Friday, June 26, 2009
Okay, L7, Part II
Here's another thought I have about Michael Jackson:
The ridiculously gifted and amazing song-writer/performer he was back when he was young was one person.
And for some reason that we'll never understand, that person disappeared and was replaced by someone else. Someone who wasn't quite male, quite black, quite as gifted. He shape-shifted.
Not by spells or magic but with knives and scalpels and transplanted pieces of plastic.
The whole world watched as this happened. As his face melted and was shaped into something neither whole nor happy nor human. I can't say this enough- he was not quite human anymore. And that part of him that was human was so deep inside of him, so lost, that we never saw it again. We never heard it again.
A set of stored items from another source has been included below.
definition event_due :: "gd_state \<Rightarrow> bool" where
  "event_due s \<longleftrightarrow> tight_pending N pos atime sg s \<or> (arrived s < N \<and> time s = atime (arrived s))"

text \<open>A growth phase leaves the potential unchanged, but it always ends at an event, and
  no growth phase can start while an event is due.\<close>

definition gd_measure :: "gd_state \<Rightarrow> nat" where
  "gd_measure s = 2 * potential s + (if event_due s then 0 else 1)"

lemma potential_match:
  assumes inv: "gd_inv s" and uv: "free s u" "free s v" "u \<noteq> v"
  shows "potential (s\<lparr>matching := insert (u, v) (matching s)\<rparr>) < potential s"
proof -
  let ?M = "insert u (insert v (matched s))"
  have "?M \<subseteq> {..<N}"
    using inv uv matched_subset[of s] by (auto simp: gd_inv_def free_def)
  then have "card ?M \<le> N" and "finite (matched s)"
    using card_mono[OF finite_lessThan] finite_subset by auto
  moreover have "u \<notin> matched s" "v \<notin> matched s" using uv free_iff_unmatched by auto
  ultimately have "card (matched s) + 2 \<le> N" using uv(3) by simp
  moreover have "matched (s\<lparr>matching := insert (u, v) (matching s)\<rparr>) = ?M"
    by (auto simp: matched_def)
  ultimately show ?thesis
    using \<open>u \<notin> matched s\<close> \<open>v \<notin> matched s\<close> \<open>finite (matched s)\<close> uv(3)
    by (simp add: potential_def)
qed

lemma potential_arrive:
  assumes inv: "gd_inv s" and "arrived s < N"
  shows "potential (s\<lparr>arrived := Suc (arrived s), active := insert {arrived s} (active s)\<rparr>)
           < potential s"
proof -
  have part: "partition_on {..<arrived s} (active s)" using inv by (simp add: gd_inv_def)
  then have "finite (active s)" by (simp add: finite_elements[OF finite_lessThan])
  moreover have "{arrived s} \<notin> active s" using partition_onD1[OF part] by blast
  ultimately show ?thesis using \<open>arrived s < N\<close> by (simp add: potential_def matched_def)
qed

lemma potential_merge:
  assumes inv: "gd_inv s" and "S1 \<in> active s" "S2 \<in> active s" "S1 \<noteq> S2"
  shows "potential (s\<lparr>active := insert (S1 \<union> S2) (active s - {S1, S2}), marked := K\<rparr>)
           < potential s"
proof -
  have part: "partition_on {..<arrived s} (active s)" using inv by (simp add: gd_inv_def)
  then show ?thesis
    using card_partition_merge_less[OF part finite_elements[OF finite_lessThan part]] assms(2-4)
    by (simp add: potential_def matched_def)
qed

lemma gd_measure_step:
  assumes step: "gd_step N pos atime sg s s'" and inv: "gd_inv s"
  shows "gd_measure s' < gd_measure s"
proof -
  have "potential s' < potential s \<or> (potential s' = potential s \<and> event_due s' \<and> \<not> event_due s)"
    using step
  proof cases
    case (gd_match S u v)
    then show ?thesis using potential_match[OF inv] by blast
  next
    case gd_arrive
    then show ?thesis using potential_arrive[OF inv] by blast
  next
    case (gd_merge u v S1 S2)
    then have "S1 \<noteq> S2" by (auto simp: cross_edge_def)
    then show ?thesis using gd_merge potential_merge[OF inv] by blast
  next
    case (gd_grow d)
    then show ?thesis
      by (auto simp: potential_def matched_def event_due_def tight_pending_def cross_edge_def)
  qed
  then show ?thesis by (auto simp: gd_measure_def)
qed
(* Let $f_0,g_1,\dots,g_q:\mathbb{R}^n\to\mathbb{R}$ with $f_0$ continuous and each $g_i$ lower semicontinuous. For $\nu\in\mathbb{N}$ let $f_0^\nu,g_1^\nu,\dots,g_q^\nu:\mathbb{R}^n\to\mathbb{R}$ and $\alpha^\nu\ge0$ satisfy $\sup_{x\in\mathbb{R}^n}|f_0^\nu(x)-f_0(x)|\le\alpha^\nu$ and $\sup_{x\in\mathbb{R}^n}\max_{i=1,\dots,q}|g_i^\nu(x)-g_i(x)|\le\alpha^\nu$, and let $\theta^\nu>0$. Define $f,f^\nu:\mathbb{R}^n\times\mathbb{R}^q\to(-\infty,\infty]$ by $$f(x,y)=f_0(x)+\sum_{i=1}^q\iota_{\{0\}}(y_i)+\sum_{i=1}^q\iota_{(-\infty,0]}\big(g_i(x)-y_i\big),$$ $$f^\nu(x,y)=f_0^\nu(x)+\sum_{i=1}^q\phi^\nu(y_i)+\sum_{i=1}^q\iota_{(-\infty,0]}\big(g_i^\nu(x)-y_i\big),\quad \phi^\nu(\beta)=\theta^\nu\beta \text{ if }\beta\ge0,\ \phi^\nu(\beta)=\infty\text{ otherwise}.$$ If $\theta^\nu\to\infty$ and $\theta^\nu\alpha^\nu\to0$, then $f^\nu$ epi-converges to $f$.
   Context: For a set $C$, $\iota_C(u)=0$ if $u\in C$ and $\iota_C(u)=\infty$ otherwise. A sequence $f^\nu$ epi-converges to $f$ if the epigraphs $\{(z,\alpha)\mid f^\nu(z)\le\alpha\}$ set-converge in the Painlevé–Kuratowski sense to $\{(z,\alpha)\mid f(z)\le\alpha\}$; equivalently, (i) for every $z^\nu\to z$, $\liminf f^\nu(z^\nu)\ge f(z)$, and (ii) for every $z$ there exists $z^\nu\to z$ with $\limsup f^\nu(z^\nu)\le f(z)$. *)

theory Defs
  imports "HOL-Analysis.Analysis"
begin
(* Let $\alpha$ be a composition and let $\lambda$ be the partition obtained by sorting the parts of $\alpha$ into weakly decreasing order. Then every connected component of $\Gamma(\mathsf{plac})$ consisting of words whose Schensted tableaux have shape $\lambda$ contains a connected component of $\Gamma(\mathsf{hypo})$ consisting of words whose quasi-ribbon tableaux have shape $\alpha$.
   Context: Words are over the positive integers. Kashiwara operators $\tilde f_i$ ($i\ge1$) on a word $u$: replace each $i$ by $+$, each $i+1$ by $-$, delete other letters, then repeatedly delete factors $-+$ until the word has the form $+^{a}-^{b}$; if $a=0$, $\tilde f_i(u)$ is undefined, otherwise $\tilde f_i(u)$ changes the letter $i$ corresponding to the rightmost remaining $+$ into $i+1$. $\Gamma(\mathsf{plac})$ is the directed graph on all words with edges $u\to\tilde f_i(u)$ labelled $i$. Quasi-Kashiwara operator $f_i$: undefined if $u$ contains a (not necessarily consecutive) subsequence $(i+1)\,i$ or no letter $i$; otherwise replaces the rightmost $i$ by $i+1$. $\Gamma(\mathsf{hypo})$ is the directed graph on all words with edges $u\to f_i(u)$ labelled $i$; it is a subgraph of $\Gamma(\mathsf{plac})$. The Schensted tableau $P(u)$ of a word $u$ is the Young tableau produced by Schensted row insertion. A quasi-ribbon tableau of shape $\sigma=(\sigma_1,\dots,\sigma_r)$ is a filling with positive integers of the diagram having $\sigma_i$ cells in row $i$, leftmost cell of row $i+1$ directly below the rightmost cell of row $i$, weakly increasing along rows and strictly increasing down columns. The quasi-ribbon tableau of a word $u$ whose distinct letters are $a_1<\dots<a_k$ is the unique quasi-ribbon tableau containing $|u|_{a_j}$ copies of each $a_j$, in which $a_j$ and $a_{j+1}$ lie in different rows iff $u$ contains a subsequence $a_{j+1}a_j$. *)

theory Defs
  imports Main
begin

definition word :: "nat list \<Rightarrow> bool" where
  "word u \<longleftrightarrow> (\<forall>x\<in>set u. 0 < x)"

definition composition :: "nat list \<Rightarrow> bool" where
  "composition \<alpha> \<longleftrightarrow> (\<forall>x\<in>set \<alpha>. 0 < x)"

definition sort_partition :: "nat list \<Rightarrow> nat list" where
  "sort_partition \<alpha> = rev (sort \<alpha>)"

definition has_subseq2 :: "nat list \<Rightarrow> nat \<Rightarrow> nat \<Rightarrow> bool" where
  "has_subseq2 u b a \<longleftrightarrow> (\<exists>p q. p < q \<and> q < length u \<and> u ! p = b \<and> u ! q = a)"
He became a persecuted soul who, if he had not been Michael Jackson, would have been living not in the most beautiful hotels and houses in the world, but in a prison or a psychiatric ward.
The Michael Jackson who made us dance until we melted, who made us all so proud to be human because only humans can write and sing like that from the heart, can dance like that from the soul, died a long, long time ago.
And that Michael, I hope, was released yesterday.
I keep thinking about his children. Prince Michael? Blanket? What are their names? I think of them as being like those changelings, left in the nests of strange birds, fairy-children hidden among the children of the people. How will they exist now? They had no mothers and the not-human being who was their father is gone. The veils from their faces have been ripped off and I am not sure their eyes can stand the light of the real day.
I cannot quit thinking about the children, those changelings, those strange little people who have to live in this world now.
I dreamed last night that I was in a car that had gone off a cliff and I knew I was going to die. Instead of being frightened, I relaxed completely as the car (and it was dark green and the seats were velvet) soared through the air and I thought to myself, here we go. I wonder what it will be like, and I was so curious and not afraid at all.
I hope it was like that for Michael Jackson. I hope he soared and was not afraid.